*** Supplied entries Section Begins ***

(* Let $c=5/4$, $\alpha>2$, $\lambda_b>0$, $P>0$, $\tilde\sigma^2\ge 0$ and $\omega>0$ be constants. Let $d_1,d_2$ be independent random variables, each with probability density $f_d(x)=2c\lambda_b\pi x e^{-c\lambda_b\pi x^2}$, $x\ge 0$, and let $d=\max\{d_1,d_2\}$. For $s\in\mathbb{C}$ with $\mathrm{Re}(s)>0$ define $$\varphi(s)=\mathbb{E}\left\{\exp\left(-\frac{\tilde\sigma^2}{P}\,s\,d^{\alpha}-\pi\lambda_b\,\omega\, d^2 s^{2/\alpha}\right)\right\}.$$ Then $$\varphi(s)=\frac{2c}{c+\omega s^{2/\alpha}}\,H_{1,1}^{1,1}\left(\frac{\tilde\sigma^2}{P}\,s\left(\pi\lambda_b\left(c+\omega s^{2/\alpha}\right)\right)^{-\alpha/2}\right)-\frac{2c}{2c+\omega s^{2/\alpha}}\,H_{1,1}^{1,1}\left(\frac{\tilde\sigma^2}{P}\,s\left(\pi\lambda_b\left(2c+\omega s^{2/\alpha}\right)\right)^{-\alpha/2}\right),$$ where $H_{1,1}^{1,1}(x)$ denotes the Fox H-function $H_{1,1}^{1,1}\left(x\,\middle|\,\begin{smallmatrix}(0,\alpha/2)\\(0,1)\end{smallmatrix}\right)$. Moreover, for fixed $s$ (and fixed $\omega,\lambda_b,\alpha$), in the limit $\tilde\sigma^2/P\to 0$, $$\varphi(s)\to\frac{2c}{c+\omega s^{2/\alpha}}-\frac{2c}{2c+\omega s^{2/\alpha}}.$$
   Context: Model: small-cell base stations form a homogeneous Poisson point process of intensity $\lambda_b$; the distance between a user and its serving (closest) base station is modeled by the density $f_d$ above. Under random NOMA grouping, two users are paired and the far user's link distance $d$ is the larger of the two i.i.d. distances. Here $\tilde\sigma^2=\sigma^2\|\mathbf{u}\|^2$ is the filtered noise power, $P$ the transmit power per stream, and $\omega$ plays the role of $\Gamma(1-2/\alpha)\left(\frac{\rho_I}{P}|\mathbf{u}^{\mathrm H}\mathbf{1}|^2\right)^{2/\alpha}$ (interference-related constant), treated as a fixed positive number. Powers $s^{2/\alpha}$, $(\cdot)^{-\alpha/2}$ and $x^{-\xi}$ use principal branches. The Fox H-function is defined by the Mellin–Barnes integral $H_{1,1}^{1,1}\left(x\,\middle|\,\begin{smallmatrix}(0,\alpha/2)\\(0,1)\end{smallmatrix}\right)=\frac{1}{2\pi \mathrm{i}}\int_{\mathcal L}\Gamma(\xi)\,\Gamma\left(1-\tfrac{\alpha}{2}\xi\right)x^{-\xi}\,d\xi$, where $\mathcal L$ is a vertical line $\mathrm{Re}(\xi)=\gamma$ with $0<\gamma<2/\alpha$ separating the poles of $\Gamma(\xi)$ from those of $\Gamma(1-\frac{\alpha}{2}\xi)$. *)

theory Defs
  imports "HOL-Probability.Probability"
begin

definition dist_density :: "real \<Rightarrow> real \<Rightarrow> real \<Rightarrow> real" where
  "dist_density c lb x = (if 0 \<le> x then 2 * c * lb * pi * x * exp (- c * lb * pi * x\<^sup>2) else 0)"

text \<open>Fox H-function H^{1,1}_{1,1}(x | (0,alpha/2); (0,1)) via its Mellin--Barnes integral
  (1/(2 pi i)) \<integral>_L Gamma(xi) Gamma(1 - alpha/2 xi) x^(-xi) d xi along the vertical line
  Re xi = 1/alpha (which lies in (0, 2/alpha)); parametrising xi = 1/alpha + i t gives d xi = i dt.
  At x = 0 the integral is not defined; there we use the standard value H(0) = 1 (the limit
  of the function at 0, the k = 0 term of its residue series).\<close>
definition mb_line :: "real \<Rightarrow> real \<Rightarrow> complex" where
  "mb_line \<alpha> t = Complex (1 / \<alpha>) t"

definition foxH11 :: "real \<Rightarrow> complex \<Rightarrow> complex" where
  "foxH11 \<alpha> x =
     (if x = 0 then 1
      else (1 / (2 * pi)) *\<^sub>R
        (LBINT t. Gamma (mb_line \<alpha> t) * Gamma (1 - of_real (\<alpha> / 2) * mb_line \<alpha> t)
                  * x powr (- mb_line \<alpha> t)))"

end

theory Submission
  imports Defs
begin

text \<open>The larger of two independent distances with density \<open>f_d\<close> and distribution function \<open>F_d\<close>
  has density \<open>2 f_d F_d\<close>, which for \<open>f_d\<close> is \<open>4 a x (e^(-a x\<^sup>2) - e^(-2 a x\<^sup>2))\<close> with \<open>a = c \<lambda>\<^sub>b \<pi>\<close>.
  After the substitution \<open>u = x\<^sup>2\<close> the expectation becomes a difference of two integrals
  \<open>\<integral>\<^sub>0^\<infinity> e^(-B u) e^(-K u^(\<alpha>/2)) du\<close>, and each of them equals \<open>H(K B^(-\<alpha>/2)) / B\<close>: expand
  \<open>e^(-K u^(\<alpha>/2))\<close> by the Cahen--Mellin integral \<open>(1/2\<pi>) \<integral> \<Gamma>(\<xi>) (K u^(\<alpha>/2))^(-\<xi>) dt\<close> along
  \<open>\<xi> = 1/\<alpha> + i t\<close> (a Fourier inversion in disguise) and exchange the integrals; the \<open>u\<close>-integral is then
  a Gamma integral with complex scale \<open>B\<close>, and Fubini applies because \<open>\<Gamma>\<close> decays exponentially on
  vertical lines. The limit \<open>\<sigma>\<^sup>2/P \<rightarrow> 0\<close> is dominated convergence.\<close>

section \<open>Gamma integrals with a complex scale\<close>

lemma Gamma_add_of_nat_eq_gbinomial:
  fixes a w :: "'a :: Gamma"
  assumes "a \<notin> \<int>\<^sub>\<le>\<^sub>0"
  shows "Gamma (a + of_nat n) * (w ^ n / fact n) = Gamma a * (((- a) gchoose n) * (- w) ^ n)"
proof -
  have "Gamma (a + of_nat n) = Gamma a * pochhammer a n"
    using pochhammer_Gamma[OF assms, of n] assms by (simp add: Gamma_eq_zero_iff field_simps)
  moreover have "((- a) gchoose n) * (- w) ^ n = pochhammer a n * w ^ n / fact n"
    by (simp add: gbinomial_pochhammer power_mult_distrib[symmetric] field_simps)
  ultimately show ?thesis by (simp add: field_simps)
qed

lemma nonpos_Ints_Re_pos: "Re (z :: complex) > 0 \<Longrightarrow> z \<notin> \<int>\<^sub>\<le>\<^sub>0"
  by (auto elim!: nonpos_Ints_cases)

lemma powr_add_of_nat:
  fixes x a :: complex
  assumes "x \<noteq> 0"
  shows "x powr (a + of_nat n) = x powr a * x ^ n"
  using assms by (simp add: powr_add powr_nat')

lemma summable_Gamma_add_of_nat:
  fixes a x :: real
  assumes "a > 0" and "\<bar>x\<bar> < 1"
  shows "summable (\<lambda>n. Gamma (a + real n) * (x ^ n / fact n))"
proof -
  have a: "a \<notin> \<int>\<^sub>\<le>\<^sub>0" using assms(1) by (auto elim!: nonpos_Ints_cases)
  have "summable (\<lambda>n. ((- a) gchoose n) * (- x) ^ n)"
    using gen_binomial_real[of "- x" "- a"] assms(2) by (auto simp: sums_iff)
  then show ?thesis
    using Gamma_add_of_nat_eq_gbinomial[OF a] by (simp add: summable_mult)
qed

lemma set_integral_norm_Gamma_integrand:
  fixes \<xi> :: complex
  assumes "Re \<xi> > 0"
  shows "(LINT v:{0<..}|lebesgue. norm (of_real v powr (\<xi> - 1) / of_real (exp v))) = Gamma (Re \<xi>)"
proof -
  have Gamma: "((\<lambda>v. v powr (Re \<xi> - 1) / exp v) has_integral Gamma (Re \<xi>)) {0<..}"
    using Gamma_integral_real[OF assms]
    by (rule has_integral_spike_set_eq[THEN iffD1, rotated 2]) (auto intro!: empty_imp_negligible)
  then have "(\<lambda>v. v powr (Re \<xi> - 1) / exp v) absolutely_integrable_on {0<..}"
    by (intro nonnegative_absolutely_integrable_1) (auto simp: has_integral_integrable)
  with Gamma have "(LINT v:{0<..}|lebesgue. v powr (Re \<xi> - 1) / exp v) = Gamma (Re \<xi>)"
    by (simp add: set_lebesgue_integral_eq_integral(2) integral_unique)
  moreover have "(LINT v:{0<..}|lebesgue. norm (of_real v powr (\<xi> - 1) / of_real (exp v)))
      = (LINT v:{0<..}|lebesgue. v powr (Re \<xi> - 1) / exp v)"
    by (rule set_lebesgue_integral_cong) (auto simp: norm_divide norm_powr_real_powr)
  ultimately show ?thesis by simp
qed

lemma set_borel_integral_eq_integral:
  fixes g :: "real \<Rightarrow> 'b::euclidean_space"
  assumes g: "g absolutely_integrable_on S" and m: "set_borel_measurable borel S g"
  shows "set_integrable lborel S g" and "(LINT u:S|lborel. g u) = integral S g"
proof -
  have m': "(\<lambda>u. indicator S u *\<^sub>R g u) \<in> borel_measurable lborel"
    using m by (simp add: set_borel_measurable_def)
  then show "set_integrable lborel S g"
    using g by (simp add: set_integrable_def integrable_completion[symmetric])
  have "integral S g = (LINT u:S|lebesgue. g u)"
    using set_lebesgue_integral_eq_integral(2)[OF g] by simp
  also have "\<dots> = (LINT u:S|lborel. g u)"
    using m' by (simp add: set_lebesgue_integral_def integral_completion)
  finally show "(LINT u:S|lborel. g u) = integral S g" by simp
qed

lemma set_integral_Gamma_integrand:
  fixes z :: complex
  assumes "Re z > 0"
  shows "(LINT v:{0<..}|lebesgue. of_real v powr (z - 1) / of_real (exp v)) = Gamma z"
  using set_lebesgue_integral_eq_integral(2)[OF absolutely_integrable_Gamma_integral'[OF assms]]
    Gamma_integral_complex'[OF assms] by (simp add: integral_unique)

lemma Gamma_integrand_exp_series:
  fixes \<xi> w :: complex and v :: real
  assumes v: "v > 0"
  shows "(\<lambda>n. of_real v powr (\<xi> + of_nat n - 1) / of_real (exp v) * (w ^ n / fact n))
      sums (of_real v powr (\<xi> - 1) * exp (- (1 - w) * of_real v))"
    and "summable (\<lambda>n. norm (of_real v powr (\<xi> + of_nat n - 1) / of_real (exp v) * (w ^ n / fact n)))"
proof -
  have series_term: "of_real v powr (\<xi> + of_nat n - 1) / of_real (exp v) * (w ^ n / fact n)
      = (of_real v powr (\<xi> - 1) / of_real (exp v)) * ((w * of_real v) ^ n /\<^sub>R fact n)" for n
    using v powr_add_of_nat[of "of_real v" "\<xi> - 1" n]
    by (simp add: power_mult_distrib scaleR_conv_of_real field_simps)
  have "(of_real v powr (\<xi> - 1) / of_real (exp v)) * exp (w * of_real v)
      = of_real v powr (\<xi> - 1) * exp (- (1 - w) * of_real v)"
    by (simp add: exp_diff algebra_simps exp_of_real[symmetric] exp_minus field_simps)
  with sums_mult[OF exp_converges[of "w * of_real v"], of "of_real v powr (\<xi> - 1) / of_real (exp v)"]
  show "(\<lambda>n. of_real v powr (\<xi> + of_nat n - 1) / of_real (exp v) * (w ^ n / fact n))
      sums (of_real v powr (\<xi> - 1) * exp (- (1 - w) * of_real v))"
    unfolding series_term by simp
  show "summable (\<lambda>n. norm (of_real v powr (\<xi> + of_nat n - 1) / of_real (exp v) * (w ^ n / fact n)))"
    unfolding series_term norm_mult by (intro summable_mult summable_norm_exp)
qed
(* Let $T\ge1$ be an integer and assume $\psi_{A,a}>\psi_{A,b}$ and $\psi_{B,b}>\psi_{B,a}$. Then the point $(\theta_{A,a},\theta_{B,a})=(0,1)$ (i.e., $\theta_{A,b}=1$ and $\theta_{B,a}=1$: every user of each group is initially shown the article of the other group) is not a maximizer of $$J(\theta_{A,a},\theta_{B,a})=\sum_{t=1}^T\sum_{g\in\{A,B\}}\sum_{s\in\{a,b\}} l_{g,s}(t,\theta)$$ over $[0,1]^2$, where $\theta_{A,b}=1-\theta_{A,a}$ and $\theta_{B,b}=1-\theta_{B,a}$.
   Context: Groups are $g\in\{A,B\}$; for a group $g$, $g'$ denotes the other group. Articles are $s\in\{a,b\}$. Parameters: $\pi_A=\pi\in(0,1)$, $\pi_B=1-\pi$; $q_A,q_B\in(\tfrac12,1)$; for each $g,s$ a real number $\psi_{g,s}\in(0,1)$. For fixed $s$, given $\theta_{A,s},\theta_{B,s}\in[0,1]$, the mass function is defined recursively for both groups by $l_{g,s}(1,\theta)=\pi_g\theta_{g,s}\psi_{g,s}$ and $l_{g,s}(t+1,\theta)=\psi_{g,s}\big(q_g l_{g,s}(t,\theta)+(1-q_{g'})l_{g',s}(t,\theta)\big)$ for $t\ge1$. *)

theory Defs
  imports "HOL-Analysis.Analysis"
begin

datatype grp = GA | GB
datatype art = SA | SB

fun other :: "grp \<Rightarrow> grp" where
  "other GA = GB" | "other GB = GA"

definition pi_g :: "real \<Rightarrow> grp \<Rightarrow> real" where
  "pi_g p g = (if g = GA then p else 1 - p)"

text \<open>Mass function l_{g,s}(t,theta). Parameters: pi, q (per group), psi (per group and
article), theta (per group and article). Time index t starts at 1; the value at t = 0 is
an unused dummy (0).\<close>
fun lmass :: "real \<Rightarrow> (grp \<Rightarrow> real) \<Rightarrow> (grp \<Rightarrow> art \<Rightarrow> real) \<Rightarrow> (grp \<Rightarrow> art \<Rightarrow> real)
    \<Rightarrow> nat \<Rightarrow> grp \<Rightarrow> art \<Rightarrow> real" where
  "lmass p q psi th 0 g s = 0"
| "lmass p q psi th (Suc 0) g s = pi_g p g * th g s * psi g s"
| "lmass p q psi th (Suc (Suc t)) g s =
     psi g s * (q g * lmass p q psi th (Suc t) g s
                + (1 - q (other g)) * lmass p q psi th (Suc t) (other g) s)"

definition theta_of :: "real \<Rightarrow> real \<Rightarrow> grp \<Rightarrow> art \<Rightarrow> real" where
  "theta_of x y g s = (let v = (if g = GA then x else y) in if s = SA then v else 1 - v)"

definition Jobj :: "real \<Rightarrow> (grp \<Rightarrow> real) \<Rightarrow> (grp \<Rightarrow> art \<Rightarrow> real) \<Rightarrow> nat \<Rightarrow> real \<Rightarrow> real \<Rightarrow> real" where
  "Jobj p q psi T x y = (\<Sum>t\<in>{1..T}. \<Sum>g\<in>{GA, GB}. \<Sum>s\<in>{SA, SB}. lmass p q psi (theta_of x y) t g s)"

end

theory Submission
  imports Defs
begin

text \<open>For a fixed article the mass vector evolves linearly, so the objective is linear in
\<open>(x, y)\<close>: the coefficient of each initial unit of mass is its total yield over the horizon,
computed by the adjoint recursion \<open>reach\<close>. The yield of article a in group A exceeds that of
article b, or the yield of b in group B exceeds that of a; by induction on the horizon this
holds because the group-mixing matrix with \<open>q\<^sub>A, q\<^sub>B > 1/2\<close> has positive determinant
\<open>q\<^sub>A + q\<^sub>B - 1\<close>. Hence moving \<open>x\<close> to 1 or \<open>y\<close> to 0 strictly increases the objective.\<close>

definition propagate :: "(grp \<Rightarrow> real) \<Rightarrow> (grp \<Rightarrow> real) \<Rightarrow> (grp \<Rightarrow> real) \<Rightarrow> grp \<Rightarrow> real" where
  "propagate ps q w g = ps g * (q g * w g + (1 - q (other g)) * w (other g))"

fun reach :: "(grp \<Rightarrow> real) \<Rightarrow> (grp \<Rightarrow> real) \<Rightarrow> nat \<Rightarrow> grp \<Rightarrow> real" where
  "reach ps q 0 g = 0"
| "reach ps q (Suc n) g = ps g * (1 + q g * reach ps q n g + (1 - q g) * reach ps q n (other g))"

lemma lmass_Suc_eq_propagate:
  "lmass p q psi th (Suc t) g s =
     (propagate (\<lambda>h. psi h s) q ^^ t) (\<lambda>h. psi h s * (pi_g p h * th h s)) g"
  by (induction t arbitrary: g) (auto simp: propagate_def)

lemma sum_propagate_eq_reach:
  "(\<Sum>t<n. \<Sum>g\<in>{GA, GB}. (propagate ps q ^^ t) (\<lambda>h. ps h * c h) g)
     = (\<Sum>g\<in>{GA, GB}. c g * reach ps q n g)"
proof (induction n arbitrary: c)
  case 0
  show ?case by simp
next
  case (Suc n)
  define c' where "c' h = q h * ps h * c h + (1 - q (other h)) * ps (other h) * c (other h)" for h
  have step: "propagate ps q (\<lambda>h. ps h * c h) = (\<lambda>h. ps h * c' h)"
    by (auto simp: propagate_def c'_def algebra_simps)
  have "(\<Sum>t<Suc n. \<Sum>g\<in>{GA, GB}. (propagate ps q ^^ t) (\<lambda>h. ps h * c h) g)
      = (\<Sum>g\<in>{GA, GB}. ps g * c g) + (\<Sum>g\<in>{GA, GB}. c' g * reach ps q n g)"
    by (simp only: sum.lessThan_Suc_shift funpow_Suc_right comp_def step Suc.IH) simp
  also have "\<dots> = (\<Sum>g\<in>{GA, GB}. c g * reach ps q (Suc n) g)"
    by (simp add: c'_def algebra_simps)
  finally show ?case .
qed

lemma reach_nonneg:
  assumes "\<And>g. ps g \<ge> 0" and "\<And>g. 0 \<le> q g \<and> q g \<le> 1"
  shows "reach ps q n g \<ge> 0"
proof (induction n arbitrary: g)
  case 0
  show ?case by simp
next
  case (Suc n)
  show ?case
    using Suc.IH[of g] Suc.IH[of "other g"] assms[of g] by simp
qed

lemma mixed_difference_nonneg:
  fixes a b dA dB :: real
  assumes "dA > 0 \<or> dB > 0" and "1/2 < a" "a < 1" "1/2 < b" "b < 1"
  shows "a * dA - (1 - a) * dB \<ge> 0 \<or> b * dB - (1 - b) * dA \<ge> 0"
proof (rule ccontr)
  assume "\<not> ?thesis"
  then have lt: "a * dA < (1 - a) * dB" "b * dB < (1 - b) * dA" by auto
  have pos: "dA > 0" "dB > 0"
  proof -
    have "dB > 0" if "dA > 0"
      using lt(1) mult_pos_pos[OF _ that, of a] zero_less_mult_pos[of "1 - a" dB] assms by auto
    moreover have "dA > 0" if "dB > 0"
      using lt(2) mult_pos_pos[OF _ that, of b] zero_less_mult_pos[of "1 - b" dA] assms by auto
    ultimately show "dA > 0" "dB > 0" using assms(1) by auto
  qed
  have "a * dA * (b * dB) < (1 - a) * dB * ((1 - b) * dA)"
    using pos assms by (intro mult_strict_mono[OF lt]) auto
  moreover have "(1 - a) * (1 - b) * (dA * dB) < a * b * (dA * dB)"
  proof (rule mult_strict_right_mono)
    show "(1 - a) * (1 - b) < a * b" using assms by (simp add: algebra_simps)
  qed (use pos in auto)
  ultimately show False by (simp add: algebra_simps)
qed

lemma reach_dominance:
  assumes q: "\<And>g. 1/2 < q g \<and> q g < 1"
    and pos: "\<And>g. 0 < ps g" "\<And>g. 0 < ps' g"
    and A: "ps GA > ps' GA" and B: "ps' GB > ps GB"
  shows "reach ps q (Suc n) GA > reach ps' q (Suc n) GA
       \<or> reach ps' q (Suc n) GB > reach ps q (Suc n) GB"
proof (induction n)
  case 0
  show ?case using A by simp
next
  case (Suc n)
  define R where "R = reach ps q (Suc n)"
  define R' where "R' = reach ps' q (Suc n)"
  have q01: "0 \<le> q g \<and> q g \<le> 1" for g using q[of g] by auto
  have nonneg: "R g \<ge> 0" "R' g \<ge> 0" for g
    unfolding R_def R'_def using reach_nonneg q01 pos less_imp_le by metis+
  have positive_part:
    "(ps GA - ps' GA) * (1 + q GA * R GA + (1 - q GA) * R GB) > 0"
    "(ps' GB - ps GB) * (1 + q GB * R' GB + (1 - q GB) * R' GA) > 0"
    using A B nonneg q01 by (auto intro!: mult_pos_pos add_pos_nonneg)
  \<comment> \<open>each new difference is a positive term plus a positive multiple of a mixed old one\<close>
  have difference:
    "reach ps q (Suc (Suc n)) GA - reach ps' q (Suc (Suc n)) GA
      = (ps GA - ps' GA) * (1 + q GA * R GA + (1 - q GA) * R GB)
        + ps' GA * (q GA * (R GA - R' GA) - (1 - q GA) * (R' GB - R GB))"
    "reach ps' q (Suc (Suc n)) GB - reach ps q (Suc (Suc n)) GB
      = (ps' GB - ps GB) * (1 + q GB * R' GB + (1 - q GB) * R' GA)
        + ps GB * (q GB * (R' GB - R GB) - (1 - q GB) * (R GA - R' GA))"
    by (simp_all add: R_def R'_def algebra_simps)
  have "q GA * (R GA - R' GA) - (1 - q GA) * (R' GB - R GB) \<ge> 0
      \<or> q GB * (R' GB - R GB) - (1 - q GB) * (R GA - R' GA) \<ge> 0"
    using Suc.IH q[of GA] q[of GB] unfolding R_def R'_def
    by (intro mixed_difference_nonneg) auto
  then show ?case
  proof
    assume "q GA * (R GA - R' GA) - (1 - q GA) * (R' GB - R GB) \<ge> 0"
    then have "ps' GA * (q GA * (R GA - R' GA) - (1 - q GA) * (R' GB - R GB)) \<ge> 0"
      using pos(2)[of GA] by simp
    then show ?case using difference(1) positive_part(1) by linarith
  next
    assume "q GB * (R' GB - R GB) - (1 - q GB) * (R GA - R' GA) \<ge> 0"
    then have "ps GB * (q GB * (R' GB - R GB) - (1 - q GB) * (R GA - R' GA)) \<ge> 0"
      using pos(1)[of GB] by simp
    then show ?case using difference(2) positive_part(2) by linarith
  qed
qed

lemma Jobj_eq_reach:
  "Jobj p q psi T x y =
       p * x * reach (\<lambda>h. psi h SA) q T GA + (1 - p) * y * reach (\<lambda>h. psi h SA) q T GB
     + p * (1 - x) * reach (\<lambda>h. psi h SB) q T GA
     + (1 - p) * (1 - y) * reach (\<lambda>h. psi h SB) q T GB"
proof -
  have shift: "(\<Sum>t\<in>{1..T}. f t) = (\<Sum>t<T. f (Suc t))" for f :: "nat \<Rightarrow> real"
    by (induction T) auto
  have "Jobj p q psi T x y = (\<Sum>s\<in>{SA, SB}. \<Sum>t<T. \<Sum>g\<in>{GA, GB}.
          (propagate (\<lambda>h. psi h s) q ^^ t) (\<lambda>h. psi h s * (pi_g p h * theta_of x y h s)) g)"
    unfolding Jobj_def shift lmass_Suc_eq_propagate
    by (simp only: sum.swap[of _ "{SA, SB}"] sum.swap[of _ _ "{..<T}"])
  also have "\<dots> = (\<Sum>s\<in>{SA, SB}. \<Sum>g\<in>{GA, GB}.
          pi_g p g * theta_of x y g s * reach (\<lambda>h. psi h s) q T g)"
    by (simp only: sum_propagate_eq_reach)
  finally show ?thesis
    by (simp add: pi_g_def theta_of_def algebra_simps)
qed

theorem corollary1:
  fixes p :: real and q :: "grp \<Rightarrow> real" and psi :: "grp \<Rightarrow> art \<Rightarrow> real" and T :: nat
  assumes "0 < p" "p < 1"
    and "\<And>g. 1/2 < q g \<and> q g < 1"
    and "\<And>g s. 0 < psi g s \<and> psi g s < 1"
    and "T \<ge> 1"
    and "psi GA SA > psi GA SB" and "psi GB SB > psi GB SA"
  shows "\<not> (\<forall>x\<in>{0..1}. \<forall>y\<in>{0..1}. Jobj p q psi T x y \<le> Jobj p q psi T 0 1)"
proof -
  obtain n where T: "T = Suc n" using \<open>T \<ge> 1\<close> by (cases T) auto
  let ?RA = "reach (\<lambda>h. psi h SA) q T" and ?RB = "reach (\<lambda>h. psi h SB) q T"
  have "?RA GA > ?RB GA \<or> ?RB GB > ?RA GB"
    unfolding T by (rule reach_dominance) (use assms in auto)
  then have "p * (?RA GA - ?RB GA) > 0 \<or> (1 - p) * (?RB GB - ?RA GB) > 0"
    using \<open>0 < p\<close> \<open>p < 1\<close> by auto
  then have "Jobj p q psi T 1 1 > Jobj p q psi T 0 1 \<or> Jobj p q psi T 0 0 > Jobj p q psi T 0 1"
    unfolding Jobj_eq_reach by (simp add: algebra_simps)
  then show ?thesis by (metis atLeastAtMost_iff not_le order_refl zero_le_one)
qed

end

*** Supplied entries Section Ends ***

Your answer should be the exact lines above from the one with "proof (induction n arbitrary: g)" through the one with "0 \<or> dB >", both included, and nothing besides.

- Expected answer:
proof (induction n arbitrary: g)
  case 0
  show ?case by simp
next
  case (Suc n)
  show ?case
    using Suc.IH[of g] Suc.IH[of "other g"] assms[of g] by simp
qed

lemma mixed_difference_nonneg:
  fixes a b dA dB :: real
  assumes "dA > 0 \<or> dB > 0" and "1/2 < a" "a < 1" "1/2 < b" "b < 1"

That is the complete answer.